▶ Problem to work on
The records that follow are to be transcribed word for word.

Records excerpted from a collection
lemma pell_string_prefix:
  "pell_string k (xs @ x # ys) \<Longrightarrow> x < k \<Longrightarrow> pell_string k xs"
proof (induction "xs @ x # ys" arbitrary: xs rule: pell_string.induct)
  case (Low i w)
  then show ?case
    by (cases xs) (auto intro: pell_string.intros)
next
  case (KK w)
  then obtain xs' where "xs = k # k # xs'"
    by (cases xs; cases "tl xs") auto
  with KK show ?case
    by (auto intro: pell_string.intros)
qed simp

definition no_consecutive_ones :: "bool list \<Rightarrow> bool" where
  "no_consecutive_ones w \<longleftrightarrow> (\<forall>i. Suc i < length w \<longrightarrow> \<not> (w ! i \<and> w ! Suc i))"

lemma no_consecutive_ones_append:
  assumes "no_consecutive_ones a" "no_consecutive_ones b" "a \<noteq> [] \<Longrightarrow> \<not> last a"
  shows "no_consecutive_ones (a @ b)"
  unfolding no_consecutive_ones_def
proof (intro allI impI)
  fix i assume i: "Suc i < length (a @ b)"
  consider "Suc i < length a" | "Suc i = length a" | "length a \<le> i" by linarith
  then show "\<not> ((a @ b) ! i \<and> (a @ b) ! Suc i)"
  proof cases
    case 1
    then show ?thesis using assms(1) by (auto simp: no_consecutive_ones_def nth_append)
  next
    case 2
    then have "a \<noteq> []" by auto
    with 2 have "a ! i = last a" by (metis diff_Suc_1 last_conv_nth)
    with 2 \<open>a \<noteq> []\<close> assms(3) show ?thesis by (auto simp: nth_append)
  next
    case 3
    then show ?thesis using assms(2) i by (auto simp: no_consecutive_ones_def nth_append Suc_diff_le)
  qed
qed

lemma no_consecutive_ones_butlast: "no_consecutive_ones w \<Longrightarrow> no_consecutive_ones (butlast w)"
  by (simp add: no_consecutive_ones_def nth_butlast)

lemma no_consecutive_ones_letter_code: "no_consecutive_ones (letter_code k i)"
  by (auto simp: no_consecutive_ones_def letter_code_def)

lemma no_consecutive_ones_kk_code: "no_consecutive_ones (kk_code k)"
  by (auto simp: no_consecutive_ones_def kk_code_def)

lemma last_letter_code: "k \<ge> 2 \<Longrightarrow> \<not> last (letter_code k i)"
  by (auto simp: letter_code_def last_map last_upt)

lemma last_kk_code: "k \<ge> 2 \<Longrightarrow> \<not> last (kk_code k)"
  by (auto simp: kk_code_def last_map last_upt)

lemma letter_code_ne_Nil: "k \<ge> 2 \<Longrightarrow> letter_code k i \<noteq> []"
  by (simp add: letter_code_def)

lemma kk_code_ne_Nil: "k \<ge> 2 \<Longrightarrow> kk_code k \<noteq> []"
  by (simp add: kk_code_def)

lemma last_pell_encode:
  "pell_string k w \<Longrightarrow> k \<ge> 2 \<Longrightarrow> pell_encode k w \<noteq> [] \<Longrightarrow> \<not> last (pell_encode k w)"
  by (induction rule: pell_string.induct)
    (auto simp: pell_encode_Cons_letter last_append last_letter_code last_kk_code)

lemma no_consecutive_ones_pell_encode:
  "pell_string k w \<Longrightarrow> k \<ge> 2 \<Longrightarrow> no_consecutive_ones (pell_encode k w)"
  by (induction rule: pell_string.induct)
    (auto simp: pell_encode_Cons_letter no_consecutive_ones_def[of "[]"]
      intro!: no_consecutive_ones_append no_consecutive_ones_letter_code no_consecutive_ones_kk_code
        last_letter_code last_kk_code)

lemma letter_code_inj:
  assumes "letter_code k i = letter_code k j" "i < k" "j < k"
  shows "i = j"
proof (rule ccontr)
  assume "i \<noteq> j"
  define p where "p = 2 * (k - 1 - max i j)"
  have "p < 2 * k - 2" using assms(2,3) \<open>i \<noteq> j\<close> by (auto simp: p_def)
  then have "letter_code k i ! p \<noteq> letter_code k j ! p"
    using assms(2,3) \<open>i \<noteq> j\<close> by (auto simp: letter_code_def p_def max_def)
  with assms(1) show False by simp
qed

lemma letter_code_append_nth_1: "k \<ge> 2 \<Longrightarrow> (letter_code k i @ xs) ! 1 = False"
  by (auto simp: letter_code_def nth_append)

lemma kk_code_append_nth_1: "k \<ge> 2 \<Longrightarrow> (kk_code k @ xs) ! 1 = True"
  by (auto simp: kk_code_def nth_append)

▶ Task response
lemma pell_string_prefix:
  "pell_string k (xs @ x # ys) \<Longrightarrow> x < k \<Longrightarrow> pell_string k xs"
proof (induction "xs @ x # ys" arbitrary: xs rule: pell_string.induct)
  case (Low i w)
  then show ?case
    by (cases xs) (auto intro: pell_string.intros)
next
  case (KK w)
  then obtain xs' where "xs = k # k # xs'"
    by (cases xs; cases "tl xs") auto
  with KK show ?case
    by (auto intro: pell_string.intros)
qed simp

definition no_consecutive_ones :: "bool list \<Rightarrow> bool" where
  "no_consecutive_ones w \<longleftrightarrow> (\<forall>i. Suc i < length w \<longrightarrow> \<not> (w ! i \<and> w ! Suc i))"

lemma no_consecutive_ones_append:
  assumes "no_consecutive_ones a" "no_consecutive_ones b" "a \<noteq> [] \<Longrightarrow> \<not> last a"
  shows "no_consecutive_ones (a @ b)"
  unfolding no_consecutive_ones_def
proof (intro allI impI)
  fix i assume i: "Suc i < length (a @ b)"
  consider "Suc i < length a" | "Suc i = length a" | "length a \<le> i" by linarith
  then show "\<not> ((a @ b) ! i \<and> (a @ b) ! Suc i)"
  proof cases
    case 1
    then show ?thesis using assms(1) by (auto simp: no_consecutive_ones_def nth_append)
  next
    case 2
    then have "a \<noteq> []" by auto
    with 2 have "a ! i = last a" by (metis diff_Suc_1 last_conv_nth)
    with 2 \<open>a \<noteq> []\<close> assms(3) show ?thesis by (auto simp: nth_append)
  next
    case 3
    then show ?thesis using assms(2) i by (auto simp: no_consecutive_ones_def nth_append Suc_diff_le)
  qed
qed

lemma no_consecutive_ones_butlast: "no_consecutive_ones w \<Longrightarrow> no_consecutive_ones (butlast w)"
  by (simp add: no_consecutive_ones_def nth_butlast)

lemma no_consecutive_ones_letter_code: "no_consecutive_ones (letter_code k i)"
  by (auto simp: no_consecutive_ones_def letter_code_def)

lemma no_consecutive_ones_kk_code: "no_consecutive_ones (kk_code k)"
  by (auto simp: no_consecutive_ones_def kk_code_def)

lemma last_letter_code: "k \<ge> 2 \<Longrightarrow> \<not> last (letter_code k i)"
  by (auto simp: letter_code_def last_map last_upt)

lemma last_kk_code: "k \<ge> 2 \<Longrightarrow> \<not> last (kk_code k)"
  by (auto simp: kk_code_def last_map last_upt)

lemma letter_code_ne_Nil: "k \<ge> 2 \<Longrightarrow> letter_code k i \<noteq> []"
  by (simp add: letter_code_def)

lemma kk_code_ne_Nil: "k \<ge> 2 \<Longrightarrow> kk_code k \<noteq> []"
  by (simp add: kk_code_def)

lemma last_pell_encode:
  "pell_string k w \<Longrightarrow> k \<ge> 2 \<Longrightarrow> pell_encode k w \<noteq> [] \<Longrightarrow> \<not> last (pell_encode k w)"
  by (induction rule: pell_string.induct)
    (auto simp: pell_encode_Cons_letter last_append last_letter_code last_kk_code)

lemma no_consecutive_ones_pell_encode:
  "pell_string k w \<Longrightarrow> k \<ge> 2 \<Longrightarrow> no_consecutive_ones (pell_encode k w)"
  by (induction rule: pell_string.induct)
    (auto simp: pell_encode_Cons_letter no_consecutive_ones_def[of "[]"]
      intro!: no_consecutive_ones_append no_consecutive_ones_letter_code no_consecutive_ones_kk_code
        last_letter_code last_kk_code)

lemma letter_code_inj:
  assumes "letter_code k i = letter_code k j" "i < k" "j < k"
  shows "i = j"
proof (rule ccontr)
  assume "i \<noteq> j"
  define p where "p = 2 * (k - 1 - max i j)"
  have "p < 2 * k - 2" using assms(2,3) \<open>i \<noteq> j\<close> by (auto simp: p_def)
  then have "letter_code k i ! p \<noteq> letter_code k j ! p"
    using assms(2,3) \<open>i \<noteq> j\<close> by (auto simp: letter_code_def p_def max_def)
  with assms(1) show False by simp
qed

lemma letter_code_append_nth_1: "k \<ge> 2 \<Longrightarrow> (letter_code k i @ xs) ! 1 = False"
  by (auto simp: letter_code_def nth_append)

lemma kk_code_append_nth_1: "k \<ge> 2 \<Longrightarrow> (kk_code k @ xs) ! 1 = True"
  by (auto simp: kk_code_def nth_append)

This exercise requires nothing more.